» TASK STATEMENT:
When you reach the line with "Suc (cost a" in the data below, begin printing lines exactly, and stop once the line with "formula, \<open>2 \<cdot>" has been printed.

» EXCERPTED DATA:

-=-=-

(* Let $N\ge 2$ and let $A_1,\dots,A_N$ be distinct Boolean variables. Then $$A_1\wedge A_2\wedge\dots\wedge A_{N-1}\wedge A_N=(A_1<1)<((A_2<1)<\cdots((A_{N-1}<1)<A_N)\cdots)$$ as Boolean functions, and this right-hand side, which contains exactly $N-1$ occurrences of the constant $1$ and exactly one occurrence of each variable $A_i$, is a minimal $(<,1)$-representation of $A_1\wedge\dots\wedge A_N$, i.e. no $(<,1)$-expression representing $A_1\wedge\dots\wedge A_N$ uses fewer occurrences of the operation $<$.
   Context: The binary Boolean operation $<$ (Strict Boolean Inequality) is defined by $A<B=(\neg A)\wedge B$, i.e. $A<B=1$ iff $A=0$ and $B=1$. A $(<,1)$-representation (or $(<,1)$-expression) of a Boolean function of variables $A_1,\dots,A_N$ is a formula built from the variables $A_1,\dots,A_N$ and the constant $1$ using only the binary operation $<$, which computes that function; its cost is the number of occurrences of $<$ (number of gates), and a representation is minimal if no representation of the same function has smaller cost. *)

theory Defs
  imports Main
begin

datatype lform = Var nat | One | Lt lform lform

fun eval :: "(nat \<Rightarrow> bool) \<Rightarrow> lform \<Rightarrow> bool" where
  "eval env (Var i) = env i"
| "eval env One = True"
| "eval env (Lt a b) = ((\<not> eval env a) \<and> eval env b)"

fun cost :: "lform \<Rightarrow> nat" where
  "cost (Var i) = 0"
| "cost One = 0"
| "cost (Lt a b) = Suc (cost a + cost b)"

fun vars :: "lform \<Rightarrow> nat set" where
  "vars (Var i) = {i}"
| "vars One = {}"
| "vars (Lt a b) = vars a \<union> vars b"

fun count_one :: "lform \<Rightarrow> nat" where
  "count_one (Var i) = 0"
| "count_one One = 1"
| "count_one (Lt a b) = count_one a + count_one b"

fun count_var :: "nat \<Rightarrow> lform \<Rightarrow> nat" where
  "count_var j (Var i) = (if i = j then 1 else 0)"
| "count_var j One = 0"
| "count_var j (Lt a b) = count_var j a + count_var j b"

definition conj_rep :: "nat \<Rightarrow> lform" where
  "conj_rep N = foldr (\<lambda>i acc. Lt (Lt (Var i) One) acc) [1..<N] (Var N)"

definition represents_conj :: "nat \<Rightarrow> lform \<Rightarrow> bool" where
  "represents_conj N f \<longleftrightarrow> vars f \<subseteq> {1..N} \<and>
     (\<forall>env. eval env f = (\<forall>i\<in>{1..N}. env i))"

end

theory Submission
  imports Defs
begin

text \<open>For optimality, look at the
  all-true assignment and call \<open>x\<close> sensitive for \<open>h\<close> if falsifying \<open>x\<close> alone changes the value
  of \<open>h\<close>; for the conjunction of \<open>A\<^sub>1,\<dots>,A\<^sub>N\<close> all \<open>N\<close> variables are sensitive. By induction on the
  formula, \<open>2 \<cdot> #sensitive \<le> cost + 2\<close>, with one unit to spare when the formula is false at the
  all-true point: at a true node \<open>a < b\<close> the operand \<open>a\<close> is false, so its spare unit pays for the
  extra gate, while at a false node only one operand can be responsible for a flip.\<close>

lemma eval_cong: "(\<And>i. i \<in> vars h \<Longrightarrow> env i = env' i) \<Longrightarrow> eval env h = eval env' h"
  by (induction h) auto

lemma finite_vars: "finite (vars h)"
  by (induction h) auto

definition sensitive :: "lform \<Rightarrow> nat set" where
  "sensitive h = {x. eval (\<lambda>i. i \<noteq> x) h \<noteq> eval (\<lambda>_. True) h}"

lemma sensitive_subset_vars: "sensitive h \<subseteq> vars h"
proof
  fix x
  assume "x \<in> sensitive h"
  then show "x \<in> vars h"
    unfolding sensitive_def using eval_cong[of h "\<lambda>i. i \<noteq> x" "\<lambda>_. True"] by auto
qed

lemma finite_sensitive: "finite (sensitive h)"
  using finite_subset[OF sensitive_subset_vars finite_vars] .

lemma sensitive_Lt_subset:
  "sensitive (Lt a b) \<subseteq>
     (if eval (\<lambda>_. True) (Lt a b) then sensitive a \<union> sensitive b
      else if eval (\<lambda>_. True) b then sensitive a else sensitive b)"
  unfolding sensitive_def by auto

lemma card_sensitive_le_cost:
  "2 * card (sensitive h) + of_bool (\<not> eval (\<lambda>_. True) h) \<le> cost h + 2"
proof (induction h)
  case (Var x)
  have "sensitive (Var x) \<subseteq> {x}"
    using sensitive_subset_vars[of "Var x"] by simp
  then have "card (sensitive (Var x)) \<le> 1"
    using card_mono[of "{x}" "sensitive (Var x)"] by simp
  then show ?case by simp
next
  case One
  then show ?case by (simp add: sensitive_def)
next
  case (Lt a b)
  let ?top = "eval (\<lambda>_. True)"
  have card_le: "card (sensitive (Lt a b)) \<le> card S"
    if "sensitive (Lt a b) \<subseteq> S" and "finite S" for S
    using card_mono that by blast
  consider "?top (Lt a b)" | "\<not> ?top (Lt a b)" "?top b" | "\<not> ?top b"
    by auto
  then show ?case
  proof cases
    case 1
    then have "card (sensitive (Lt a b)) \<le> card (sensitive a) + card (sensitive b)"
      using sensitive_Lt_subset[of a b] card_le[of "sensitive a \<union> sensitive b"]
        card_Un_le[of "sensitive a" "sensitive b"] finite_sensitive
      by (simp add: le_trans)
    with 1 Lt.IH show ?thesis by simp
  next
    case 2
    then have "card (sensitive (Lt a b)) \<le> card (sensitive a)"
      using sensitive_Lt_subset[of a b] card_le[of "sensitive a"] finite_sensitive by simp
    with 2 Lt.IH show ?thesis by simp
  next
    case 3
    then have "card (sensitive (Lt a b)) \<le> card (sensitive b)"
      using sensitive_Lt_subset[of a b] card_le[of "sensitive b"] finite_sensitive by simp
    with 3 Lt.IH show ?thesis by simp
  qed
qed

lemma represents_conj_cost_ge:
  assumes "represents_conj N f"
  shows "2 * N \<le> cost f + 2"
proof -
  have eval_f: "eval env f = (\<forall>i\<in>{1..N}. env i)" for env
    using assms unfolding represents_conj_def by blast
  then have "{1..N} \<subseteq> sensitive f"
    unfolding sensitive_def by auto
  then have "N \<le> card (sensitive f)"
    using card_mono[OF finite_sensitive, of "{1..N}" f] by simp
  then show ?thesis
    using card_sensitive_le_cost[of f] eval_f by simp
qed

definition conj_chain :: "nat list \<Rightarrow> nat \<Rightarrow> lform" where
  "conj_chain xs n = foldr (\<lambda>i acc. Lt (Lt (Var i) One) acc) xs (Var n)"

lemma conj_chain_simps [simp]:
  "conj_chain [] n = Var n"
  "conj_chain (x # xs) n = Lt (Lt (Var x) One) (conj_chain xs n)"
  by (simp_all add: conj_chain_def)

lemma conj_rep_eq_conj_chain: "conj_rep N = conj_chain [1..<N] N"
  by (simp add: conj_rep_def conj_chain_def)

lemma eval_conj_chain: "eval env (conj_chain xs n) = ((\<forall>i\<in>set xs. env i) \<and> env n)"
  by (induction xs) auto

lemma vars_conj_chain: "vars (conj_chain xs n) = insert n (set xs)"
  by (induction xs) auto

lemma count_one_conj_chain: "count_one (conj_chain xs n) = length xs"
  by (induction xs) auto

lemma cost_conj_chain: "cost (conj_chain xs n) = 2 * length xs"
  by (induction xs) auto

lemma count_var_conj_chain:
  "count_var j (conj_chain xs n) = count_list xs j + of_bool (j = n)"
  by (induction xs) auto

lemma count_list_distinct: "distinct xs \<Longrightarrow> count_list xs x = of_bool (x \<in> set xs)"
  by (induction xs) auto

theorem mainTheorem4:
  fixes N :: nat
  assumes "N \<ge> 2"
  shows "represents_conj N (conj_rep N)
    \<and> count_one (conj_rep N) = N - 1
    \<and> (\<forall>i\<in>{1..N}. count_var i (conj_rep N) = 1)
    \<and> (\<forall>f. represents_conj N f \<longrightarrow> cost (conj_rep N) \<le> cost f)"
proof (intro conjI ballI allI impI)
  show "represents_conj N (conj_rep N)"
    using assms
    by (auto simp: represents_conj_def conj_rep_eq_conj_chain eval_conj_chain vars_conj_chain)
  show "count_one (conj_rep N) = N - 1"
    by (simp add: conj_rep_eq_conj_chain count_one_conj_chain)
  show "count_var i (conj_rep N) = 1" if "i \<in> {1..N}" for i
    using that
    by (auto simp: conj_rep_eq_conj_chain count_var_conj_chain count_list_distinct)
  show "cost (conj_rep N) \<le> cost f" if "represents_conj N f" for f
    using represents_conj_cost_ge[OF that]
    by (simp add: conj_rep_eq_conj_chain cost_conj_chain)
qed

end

-=-=-

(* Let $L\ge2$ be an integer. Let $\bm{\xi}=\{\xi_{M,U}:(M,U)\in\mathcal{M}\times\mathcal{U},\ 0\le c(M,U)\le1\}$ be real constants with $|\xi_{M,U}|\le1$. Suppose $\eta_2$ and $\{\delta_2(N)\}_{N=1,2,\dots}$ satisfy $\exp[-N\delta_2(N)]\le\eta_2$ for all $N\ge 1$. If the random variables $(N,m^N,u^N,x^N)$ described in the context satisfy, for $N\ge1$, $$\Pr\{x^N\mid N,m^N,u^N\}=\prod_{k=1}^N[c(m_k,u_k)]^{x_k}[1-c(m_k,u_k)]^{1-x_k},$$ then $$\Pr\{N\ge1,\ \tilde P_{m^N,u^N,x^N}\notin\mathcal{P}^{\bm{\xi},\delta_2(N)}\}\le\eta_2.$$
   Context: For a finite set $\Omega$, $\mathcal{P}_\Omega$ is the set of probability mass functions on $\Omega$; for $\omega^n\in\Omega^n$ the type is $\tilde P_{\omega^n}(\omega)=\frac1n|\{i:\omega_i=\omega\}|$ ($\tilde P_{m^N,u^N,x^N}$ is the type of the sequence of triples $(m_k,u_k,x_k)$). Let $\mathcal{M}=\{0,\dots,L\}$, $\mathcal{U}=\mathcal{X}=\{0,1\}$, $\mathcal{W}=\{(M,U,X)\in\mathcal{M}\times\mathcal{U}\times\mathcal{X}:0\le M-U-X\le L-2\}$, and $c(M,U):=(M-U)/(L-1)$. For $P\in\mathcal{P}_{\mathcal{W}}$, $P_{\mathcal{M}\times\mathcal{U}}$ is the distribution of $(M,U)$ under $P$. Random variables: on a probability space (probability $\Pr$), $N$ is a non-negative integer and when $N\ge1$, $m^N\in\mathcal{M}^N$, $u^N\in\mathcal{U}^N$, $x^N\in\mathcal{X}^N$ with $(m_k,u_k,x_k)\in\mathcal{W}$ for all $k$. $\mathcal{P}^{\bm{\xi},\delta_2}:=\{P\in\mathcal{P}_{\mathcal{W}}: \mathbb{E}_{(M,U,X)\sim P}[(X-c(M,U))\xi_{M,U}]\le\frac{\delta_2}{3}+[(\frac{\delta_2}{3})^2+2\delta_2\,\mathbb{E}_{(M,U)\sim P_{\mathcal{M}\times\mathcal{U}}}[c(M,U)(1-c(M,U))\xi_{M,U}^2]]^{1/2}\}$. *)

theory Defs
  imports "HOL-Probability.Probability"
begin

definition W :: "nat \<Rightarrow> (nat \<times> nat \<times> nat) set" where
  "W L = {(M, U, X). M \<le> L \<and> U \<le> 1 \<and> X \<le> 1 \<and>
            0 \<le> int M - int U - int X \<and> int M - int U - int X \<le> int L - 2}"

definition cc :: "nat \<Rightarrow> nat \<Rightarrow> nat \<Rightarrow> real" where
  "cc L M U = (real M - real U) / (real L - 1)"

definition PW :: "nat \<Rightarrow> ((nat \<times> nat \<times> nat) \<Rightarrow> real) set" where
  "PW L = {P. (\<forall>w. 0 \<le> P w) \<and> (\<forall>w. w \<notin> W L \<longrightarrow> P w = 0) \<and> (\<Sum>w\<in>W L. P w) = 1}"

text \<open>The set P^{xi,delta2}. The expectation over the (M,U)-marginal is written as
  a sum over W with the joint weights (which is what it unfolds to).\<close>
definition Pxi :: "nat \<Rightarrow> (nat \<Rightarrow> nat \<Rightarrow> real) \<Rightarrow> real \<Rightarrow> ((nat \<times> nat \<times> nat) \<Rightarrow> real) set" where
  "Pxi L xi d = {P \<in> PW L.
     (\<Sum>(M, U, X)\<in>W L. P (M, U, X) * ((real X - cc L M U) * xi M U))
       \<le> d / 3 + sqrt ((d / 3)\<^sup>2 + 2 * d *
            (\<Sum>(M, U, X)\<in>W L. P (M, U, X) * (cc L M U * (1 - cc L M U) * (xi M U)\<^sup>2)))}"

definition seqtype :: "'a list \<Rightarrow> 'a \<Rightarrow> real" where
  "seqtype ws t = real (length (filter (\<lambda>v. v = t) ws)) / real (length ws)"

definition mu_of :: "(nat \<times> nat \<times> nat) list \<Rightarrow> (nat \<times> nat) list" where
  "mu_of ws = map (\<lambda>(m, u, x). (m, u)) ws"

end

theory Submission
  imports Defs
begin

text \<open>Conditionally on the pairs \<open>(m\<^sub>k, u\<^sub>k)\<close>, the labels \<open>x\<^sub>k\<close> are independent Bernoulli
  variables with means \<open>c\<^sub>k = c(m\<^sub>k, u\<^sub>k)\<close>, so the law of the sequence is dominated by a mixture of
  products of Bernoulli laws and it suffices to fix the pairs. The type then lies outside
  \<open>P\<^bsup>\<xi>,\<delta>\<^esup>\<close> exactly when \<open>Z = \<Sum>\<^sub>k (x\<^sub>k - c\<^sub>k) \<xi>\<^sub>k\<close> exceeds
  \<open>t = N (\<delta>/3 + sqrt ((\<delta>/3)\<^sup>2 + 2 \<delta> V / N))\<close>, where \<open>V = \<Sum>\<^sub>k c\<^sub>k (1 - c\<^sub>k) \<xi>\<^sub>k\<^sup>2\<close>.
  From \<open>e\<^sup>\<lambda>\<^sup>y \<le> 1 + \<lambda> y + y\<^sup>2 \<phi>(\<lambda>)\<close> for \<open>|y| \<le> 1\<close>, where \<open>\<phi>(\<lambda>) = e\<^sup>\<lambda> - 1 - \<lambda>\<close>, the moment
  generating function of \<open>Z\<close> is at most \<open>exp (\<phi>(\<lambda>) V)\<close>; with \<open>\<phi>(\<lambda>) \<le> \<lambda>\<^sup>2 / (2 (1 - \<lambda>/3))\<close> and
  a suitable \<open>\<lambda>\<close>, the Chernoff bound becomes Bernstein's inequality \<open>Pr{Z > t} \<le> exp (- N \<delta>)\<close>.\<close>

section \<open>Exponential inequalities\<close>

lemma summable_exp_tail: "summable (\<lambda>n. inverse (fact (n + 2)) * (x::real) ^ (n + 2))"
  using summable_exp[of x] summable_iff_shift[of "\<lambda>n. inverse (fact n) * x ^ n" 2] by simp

-=-=-

» OUTPUT:
| "cost (Lt a b) = Suc (cost a + cost b)"

fun vars :: "lform \<Rightarrow> nat set" where
  "vars (Var i) = {i}"
| "vars One = {}"
| "vars (Lt a b) = vars a \<union> vars b"

fun count_one :: "lform \<Rightarrow> nat" where
  "count_one (Var i) = 0"
| "count_one One = 1"
| "count_one (Lt a b) = count_one a + count_one b"

fun count_var :: "nat \<Rightarrow> lform \<Rightarrow> nat" where
  "count_var j (Var i) = (if i = j then 1 else 0)"
| "count_var j One = 0"
| "count_var j (Lt a b) = count_var j a + count_var j b"

definition conj_rep :: "nat \<Rightarrow> lform" where
  "conj_rep N = foldr (\<lambda>i acc. Lt (Lt (Var i) One) acc) [1..<N] (Var N)"

definition represents_conj :: "nat \<Rightarrow> lform \<Rightarrow> bool" where
  "represents_conj N f \<longleftrightarrow> vars f \<subseteq> {1..N} \<and>
     (\<forall>env. eval env f = (\<forall>i\<in>{1..N}. env i))"

end

theory Submission
  imports Defs
begin

text \<open>For optimality, look at the
  all-true assignment and call \<open>x\<close> sensitive for \<open>h\<close> if falsifying \<open>x\<close> alone changes the value
  of \<open>h\<close>; for the conjunction of \<open>A\<^sub>1,\<dots>,A\<^sub>N\<close> all \<open>N\<close> variables are sensitive. By induction on the
  formula, \<open>2 \<cdot> #sensitive \<le> cost + 2\<close>, with one unit to spare when the formula is false at the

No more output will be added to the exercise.